I have an AC power source that when rectified with 470 µF capacitor gives 38 V DC with no load. I have a 7805 (TO-220) which the data sheet says has a maximum input of 35 VDC. I'm trying to power an ESP8266 module that when connected to a bench power supply indicates that it's using less than 100 mA and maybe 100 mA when it powers a relay. There might be current spikes that the power supply meters aren't fast enough to show.

When feeding the 38 V directly into the 7805 I do get 5 V DC, but when powering the 8266 something happens and the output falls to about 2.5 V. I think the regulator is shutting down. When I put a resistor in series with the input voltage (50 to 120 ohms, small light bulbs actually) the module does operate properly until I activate the relay.

If instead of using the AC source I use a bench power supply to feed DC into the bridge I can crank the power supply up to the max of 30 V and the module works fine, the 5 V DC is stable.

Do I need to look at another way to generate 5 V DC from this AC source, maybe a switching power supply module of some sort, or can I do something other than using a huge wattage resistor to get the input voltage under control?

Answer 1

First of all these old LDOs require a bit of load to operate correctly, but that's not the problem here. Nor is the AC supply.

The main issue is that you simply cannot use a 7805 to go from 38V to 5V, it will melt through the floor even if you use TO220 with massive heatsink and keep current load to a minimum. The voltage span is far too big. Simply don't use such old crap regulators for this purpose, use a switch regulator.

but when powering the 8266 something happens and the output falls to about 2.5 volts. I think the regulator is shutting down.

Yes it will go into thermal shutdown, cool down, go back up again, and from there it will oscillate back and forth.
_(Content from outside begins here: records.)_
lemma definably_compact_decreasing_common_point:
  assumes S: "definably_compact D n S opn" and SD: "S \<in> D n"
    and R: "rel_family 1 n (\<lambda>t x. R (hd t) x) \<in> D (1 + n)"
    and sub: "\<And>e x. R e x \<Longrightarrow> x \<in> S"
    and closed: "\<And>e. opn (S - {x. R e x})"
    and mono: "\<And>e e' x. e \<le> e' \<Longrightarrow> R e x \<Longrightarrow> R e' x"
    and ne: "\<And>e. 0 < e \<Longrightarrow> \<exists>x. R e x"
  shows "\<exists>x. \<forall>e>0. R e x"
proof -
  let ?F = "rel_family 1 n (\<lambda>t x. R (hd t) x)"
  have R_len: "length x = n" if "R e x" for e x
    using length_of_mem_D[OF SD sub[OF that]] .
  have fib: "fam_fibre n ?F [e] = {x. R e x}" for e
    using fam_fibre_rel_family[of "[e]" 1 n] R_len by auto
  have idx: "fam_index 1 ?F = {[e] | e. \<exists>x. R e x}"
    unfolding fam_index_rel_family_1 using R_len by blast
  obtain e\<^sub>0 :: 'm where "0 < e\<^sub>0"
    using gt_ex by blast
  have "closed_filtered_family D 1 n S opn ?F"
    unfolding closed_filtered_family_def
  proof (intro conjI)
    show "fam_index 1 ?F \<noteq> {}"
      using ne[OF \<open>0 < e\<^sub>0\<close>] idx by auto
    show "\<forall>t\<in>fam_index 1 ?F. fam_fibre n ?F t \<subseteq> S \<and> opn (S - fam_fibre n ?F t)"
      using idx fib sub closed by auto
    show "\<forall>t\<^sub>1\<in>fam_index 1 ?F. \<forall>t\<^sub>2\<in>fam_index 1 ?F. \<exists>t\<^sub>3\<in>fam_index 1 ?F.
        fam_fibre n ?F t\<^sub>3 \<subseteq> fam_fibre n ?F t\<^sub>1 \<inter> fam_fibre n ?F t\<^sub>2"
    proof (intro ballI)
      fix t\<^sub>1 t\<^sub>2 assume "t\<^sub>1 \<in> fam_index 1 ?F" and "t\<^sub>2 \<in> fam_index 1 ?F"
      then obtain e\<^sub>1 e\<^sub>2 where t: "t\<^sub>1 = [e\<^sub>1]" "t\<^sub>2 = [e\<^sub>2]" and "\<exists>x. R e\<^sub>1 x" "\<exists>x. R e\<^sub>2 x"
        using idx by auto
      then have "[min e\<^sub>1 e\<^sub>2] \<in> fam_index 1 ?F"
        using idx by (auto simp: min_def)
      moreover have "fam_fibre n ?F [min e\<^sub>1 e\<^sub>2] \<subseteq> fam_fibre n ?F t\<^sub>1 \<inter> fam_fibre n ?F t\<^sub>2"
        unfolding t fib using mono[OF min.cobounded1] mono[OF min.cobounded2] by blast
      ultimately show "\<exists>t\<^sub>3\<in>fam_index 1 ?F. fam_fibre n ?F t\<^sub>3 \<subseteq> fam_fibre n ?F t\<^sub>1 \<inter> fam_fibre n ?F t\<^sub>2"
        by blast
    qed
  qed (use R in simp)
  from definably_compactD[OF S this] obtain x where x: "\<forall>t\<in>fam_index 1 ?F. x \<in> fam_fibre n ?F t"
    by blast
  have "R e x" if "0 < e" for e
    using x[rule_format, of "[e]"] ne[OF that] idx fib by auto
  then show ?thesis
    by blast
qed
lemma measurable_IG_kernels [measurable]:
  "IG_min_kernel m i \<in> borel_measurable (PiM {..<m} (\<lambda>_. borel))"
  "IG_max_kernel m i \<in> borel_measurable (PiM {..<m} (\<lambda>_. borel))"
proof -
  have [measurable]: "(\<lambda>v. v l) \<in> borel_measurable (PiM {..<m} (\<lambda>_. borel))" if "l < m" for l
    using that by (intro measurable_component_singleton[where I="{..<m}" and M="\<lambda>_. borel", simplified]) auto
  have "i - 1 < m" using i by auto
  then show "IG_min_kernel m i \<in> borel_measurable (PiM {..<m} (\<lambda>_. borel))"
    "IG_max_kernel m i \<in> borel_measurable (PiM {..<m} (\<lambda>_. borel))"
    unfolding IG_min_kernel_def IG_max_kernel_def by measurable
qed

lemma IG_kernels_bounds:
  "0 \<le> IG_min_kernel m i v" "IG_min_kernel m i v \<le> (\<Sum>l<m. \<bar>v l\<bar>)"
  "0 \<le> IG_max_kernel m i v" "IG_max_kernel m i v \<le> (\<Sum>l<m. \<bar>v l\<bar>)"
proof -
  have i_idx: "i - 1 \<in> {..<m}" using i by auto
  then have ne: "v ` {..<m} \<noteq> {}" by auto
  have "Min (v ` {..<m}) \<in> v ` {..<m}" "Max (v ` {..<m}) \<in> v ` {..<m}"
    using ne by (simp_all add: Min_in Max_in)
  then obtain a b where a: "a \<in> {..<m}" "Min (v ` {..<m}) = v a" and b: "b \<in> {..<m}" "Max (v ` {..<m}) = v b"
    by blast
  show "0 \<le> IG_min_kernel m i v" "0 \<le> IG_max_kernel m i v"
    using i_idx unfolding IG_min_kernel_def IG_max_kernel_def by simp_all
  show "IG_min_kernel m i v \<le> (\<Sum>l<m. \<bar>v l\<bar>)" "IG_max_kernel m i v \<le> (\<Sum>l<m. \<bar>v l\<bar>)"
    unfolding IG_min_kernel_def IG_max_kernel_def a(2) b(2)
    using i_idx a(1) b(1) by (simp_all add: diff_le_sum_abs)
qed

end

context iid_seq
begin

lemma
  assumes "i \<in> {1..m}"
  shows IG_min_hat_eq_ustat_sum: "IG_min_hat m i (\<lambda>k. X k \<omega>) n =
      coeff_IG m n * (ustat_sum m (IG_min_kernel m i) n \<omega> / (\<Sum>k=1..n. X k \<omega>))"
    and IG_max_hat_eq_ustat_sum: "IG_max_hat m i (\<lambda>k. X k \<omega>) n =
      coeff_IG m n * (ustat_sum m (IG_max_kernel m i) n \<omega> / (\<Sum>k=1..n. X k \<omega>))"
proof -
  have "i - 1 < m" using assms by auto
  then have "subsample m J \<omega> (i - 1) = X (sorted_list_of_set J ! (i - 1)) \<omega>" for J
    by (simp add: subsample_def)
  then show "IG_min_hat m i (\<lambda>k. X k \<omega>) n =
      coeff_IG m n * (ustat_sum m (IG_min_kernel m i) n \<omega> / (\<Sum>k=1..n. X k \<omega>))"
    "IG_max_hat m i (\<lambda>k. X k \<omega>) n =
      coeff_IG m n * (ustat_sum m (IG_max_kernel m i) n \<omega> / (\<Sum>k=1..n. X k \<omega>))"
    unfolding IG_min_hat_def IG_max_hat_def ustat_sum_def msubsets_def[symmetric]
      IG_min_kernel_def IG_max_kernel_def
    by (simp_all add: image_subsample cong: sum.cong)
qed
theory Submission
  imports Defs
begin

(* For every event A determined by the first n generations,
     E[1_A (Z(n+1) + k)] <= a * E[1_A (Z n + k)],   a = (1 + L/gamma_k) (1 + K1/gamma_k):
   given the past, the mean offspring number is at most 1 + L/gamma_k (R_k is L-Lipschitz and
   R_k(0) = 0), and the mean immigration from a population z is at most K1 (k + z)/gamma_k by (C).
   Hence a^(N - min S m) (Z (min S m) + k) has nonincreasing expectation in m, and optional stopping
   at S = floor (gamma_k (tau_k + c)) <= N = floor (gamma_k T) gives
     E[Z S] <= a^N k (C + 1) <= exp ((L + K1) T) k (C + 1),
   i.e. E[Y_k(tau_k + c)] <= exp ((L + K1) T) (C + 1) for c = 0 and c = delta_k, uniformly in k. *)

lemma pgf_at_one: "prob_space M \<Longrightarrow> has_pgf M X g \<Longrightarrow> g 1 = 1"
  by (simp add: has_pgf_def prob_space.prob_space)

lemma truncated_power_le:
  fixes s :: real
  assumes "0 \<le> s" "s \<le> 1"
  shows "(1 - s) * s ^ J * real (min n J) \<le> 1 - s ^ n"
proof -
  have "s ^ J * real (min n J) = (\<Sum>j<min n J. s ^ J)" by simp
  also have "\<dots> \<le> (\<Sum>j<min n J. s ^ j)"
    by (rule sum_mono) (simp add: assms power_decreasing)
  also have "\<dots> \<le> (\<Sum>j<n. s ^ j)"
    by (rule sum_mono2) (auto simp: assms)
  finally have "(1 - s) * (s ^ J * real (min n J)) \<le> (1 - s) * (\<Sum>j<n. s ^ j)"
    by (rule mult_left_mono) (use assms in auto)
  then show ?thesis by (simp add: one_diff_power_eq mult.assoc)
qed

lemma pgf_truncated_mean_le:
  assumes P: "prob_space M" and X: "X \<in> measurable M (count_space UNIV)"
    and pgf: "has_pgf M X g" and s: "0 \<le> s" "s \<le> 1"
  shows "(1 - s) * s ^ J * (\<integral>\<omega>. real (min (X \<omega>) J) \<partial>M) \<le> 1 - g s"
proof -
  interpret prob_space M by (rule P)
  have meas: "(\<lambda>\<omega>. f (X \<omega>)) \<in> borel_measurable M" for f :: "nat \<Rightarrow> real"
    using measurable_compose[OF X, of f borel] by (simp add: comp_def)
  have int_min: "integrable M (\<lambda>\<omega>. real (min (X \<omega>) J))"
    by (rule integrable_const_bound[where B="real J"]) (auto intro: meas)
  have int_pow: "integrable M (\<lambda>\<omega>. s ^ X \<omega>)"
    by (rule integrable_const_bound[where B=1]) (use s in \<open>auto intro: meas power_le_one\<close>)
  have "(1 - s) * s ^ J * (\<integral>\<omega>. real (min (X \<omega>) J) \<partial>M)
      = (\<integral>\<omega>. (1 - s) * s ^ J * real (min (X \<omega>) J) \<partial>M)"
    by simp
  also have "\<dots> \<le> (\<integral>\<omega>. 1 - s ^ X \<omega> \<partial>M)"
    using s int_min int_pow by (intro integral_mono truncated_power_le) auto
  also have "\<dots> = 1 - g s"
    using pgf s int_pow by (simp add: has_pgf_def prob_space)
  finally show ?thesis .
qed

lemma truncated_mean_le_of_pgf:
  fixes X :: "'a \<Rightarrow> nat" and g :: "real \<Rightarrow> real"
  assumes P: "prob_space M" and X: "X \<in> measurable M (count_space UNIV)"
    and pgf: "has_pgf M X g"
    and near_one: "\<And>e. 0 < e \<Longrightarrow> \<forall>\<^sub>F s in at_left 1. 1 - g s \<le> (B + e) * (1 - s)"
  shows "(\<integral>\<omega>. real (min (X \<omega>) J) \<partial>M) \<le> B"
proof (rule field_le_epsilon)
  fix e :: real assume "0 < e"
  define m where "m = (\<integral>\<omega>. real (min (X \<omega>) J) \<partial>M)"
  have "\<forall>\<^sub>F s in at_left 1. s ^ J * m \<le> B + e"
    using near_one[OF \<open>0 < e\<close>] eventually_at_left_real[OF zero_less_one]
  proof eventually_elim
    case (elim s)
    then have "(1 - s) * (s ^ J * m) \<le> (1 - s) * (B + e)"
      using pgf_truncated_mean_le[OF P X pgf, of s J] by (simp add: m_def algebra_simps)
    then show ?case using elim by simp
  qed
  moreover have "((\<lambda>s. s ^ J * m) \<longlongrightarrow> 1 ^ J * m) (at_left (1::real))"
    by (intro tendsto_intros)
  ultimately show "m \<le> B + e"
    by (intro tendsto_upperbound) auto
qed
the data sheet says has a maximum input of 35 VDC

The very first thing you need to learn in electrical engineering is that when a datasheet says absolute maximum ratings it talks about stress values that the part can handle for a short amount of time. These are not normal operating conditions that you should design after.
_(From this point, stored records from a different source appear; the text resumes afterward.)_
lemma walk_shortcut_to_path:
  assumes "is_walk E w" "\<forall>e\<in>E. 0 \<le> t e"
  shows "\<exists>p. is_path E p \<and> hd p = hd w \<and> last p = last w \<and> path_cost t p \<le> path_cost t w"
  using assms(1)
proof (induction w rule: length_induct)
  case (1 w)
  show ?case
  proof (cases "distinct w")
    case True
    then show ?thesis using 1 by (auto simp: is_path_def)
  next
    case False
    then obtain xs y ys zs where w: "w = xs @ [y] @ ys @ [y] @ zs"
      using not_distinct_decomp by blast
    have walks: "is_walk E (xs @ [y])" "is_walk E (y # ys @ [y])" "is_walk E (y # zs)"
      using is_walk_appendD[of E "xs @ [y]" "ys @ y # zs"]
        is_walk_appendD[of E xs "y # ys @ y # zs"] is_walk_appendD[of E "y # ys @ [y]" zs]
        is_walk_appendD[of E "xs @ y # ys" "y # zs"] "1.prems" w
      by auto
    define w' where "w' = (xs @ [y]) @ tl (y # zs)"
    have "is_walk E w'" unfolding w'_def using walks by (intro is_walk_append_tl) auto
    moreover have "length w' < length w" unfolding w'_def w by simp
    ultimately obtain p where p: "is_path E p" "hd p = hd w'" "last p = last w'"
        "path_cost t p \<le> path_cost t w'"
      using "1.IH" by blast
    have "w = ((xs @ [y]) @ tl (y # ys @ [y])) @ tl (y # zs)" using w by simp
    also have "path_cost t \<dots> = path_cost t (xs @ [y]) + path_cost t (y # ys @ [y]) + path_cost t (y # zs)"
      using path_cost_append_tl[of "xs @ [y]" "y # ys @ [y]" t]
        path_cost_append_tl[of "xs @ y # ys @ [y]" "y # zs" t] by simp
    finally have "path_cost t w = \<dots>" .
    moreover have "path_cost t w' = path_cost t (xs @ [y]) + path_cost t (y # zs)"
      unfolding w'_def by (rule path_cost_append_tl) simp_all
    moreover have "0 \<le> path_cost t (y # ys @ [y])" using path_cost_nonneg walks(2) assms(2) by blast
    moreover have "hd w' = hd w" "last w' = last w" unfolding w'_def w by (cases xs; cases zs; simp)+
    ultimately show ?thesis using p by (intro exI[of _ p]) auto
  qed
qed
The recommended operating conditions found below electrical characteristics say 25V. But from experience we know that 25V to 5V is too big a span too, it will get very hot. Back in the days when people were still building things like this with crappy LDOs, you would chain multiple of them and take the voltage down in steps. For example a LM317 down to 15V then a 7805. And still you need TO220 and heatsinks for it.

Answer 2

The easiest solution is to use a transformer with a much lower AC output voltage. Also be sure you have high frequency bypass regulators on it. Check your 7805 and see how many watts it can dissipate, this is on the data sheet. While you are there check its maximum operating temperature. It will probably be in the range of about 62 degrees C per watt. Your project wattage is calculated by multiplying the voltage drop across the 7805 times the current it consumes. You will find you have a lot of heat with your current AC source probably more then enough to put it into thermal protection mode. I would suggest you get a standard wall wart rated at about 12V 2A DC, this will let you do a lot of things and it will work fine with your 7805.

Answer 3

A switching power supply is probably a good choice, and more efficient — but an alternative would be to use a transformer to drop the voltage of the AC before rectification. With a 4:1 transformer you would be getting 9 or 10 volts after rectification instead of 38, so your linear regulator would be well within its specs, and it would only be turning ~50% of its input power into heat instead of ~85%.

Answer 4

If the input volts is too high you can pre-regulate with transistor, resistor and zener. This scheme does waste power but it is robust for input surges when you choose your pass transistor well. You still maintain the accuracy of the existing 3 terminal regulator.

Answer 5

You can use a resistor divider before the 7805 input to reduce the voltage. Resistors don't drop out. Alternatively, you can put a resistor in series with the 7805 input that will keep its input above the dropout voltage at maximum load, and a second resistor in parallel with that serial combination to keep the output above 5 volts at minimum load. Door number 2 keeps overall power dissipation the same as no resistors at all, and minimizes 7805 dissipation.

Answer 6

First... mind the tolerances of your mains supply. EG, it might be 110V +-20%. That means your circuit should be able to safely deal with the output voltage of that transformer even if there is 132V at the input!

Then ... you can either use series resistors, parallel (bleeder) resistors, further Voltage regulators, a switching pre regulator, a different design of filter (eg C-L-C), extra series diodes in the rectifier, a little extra secondary winding on the transformer (in series and in reverse polarity with the main secondary), and many other methods to bring the voltage down a bit.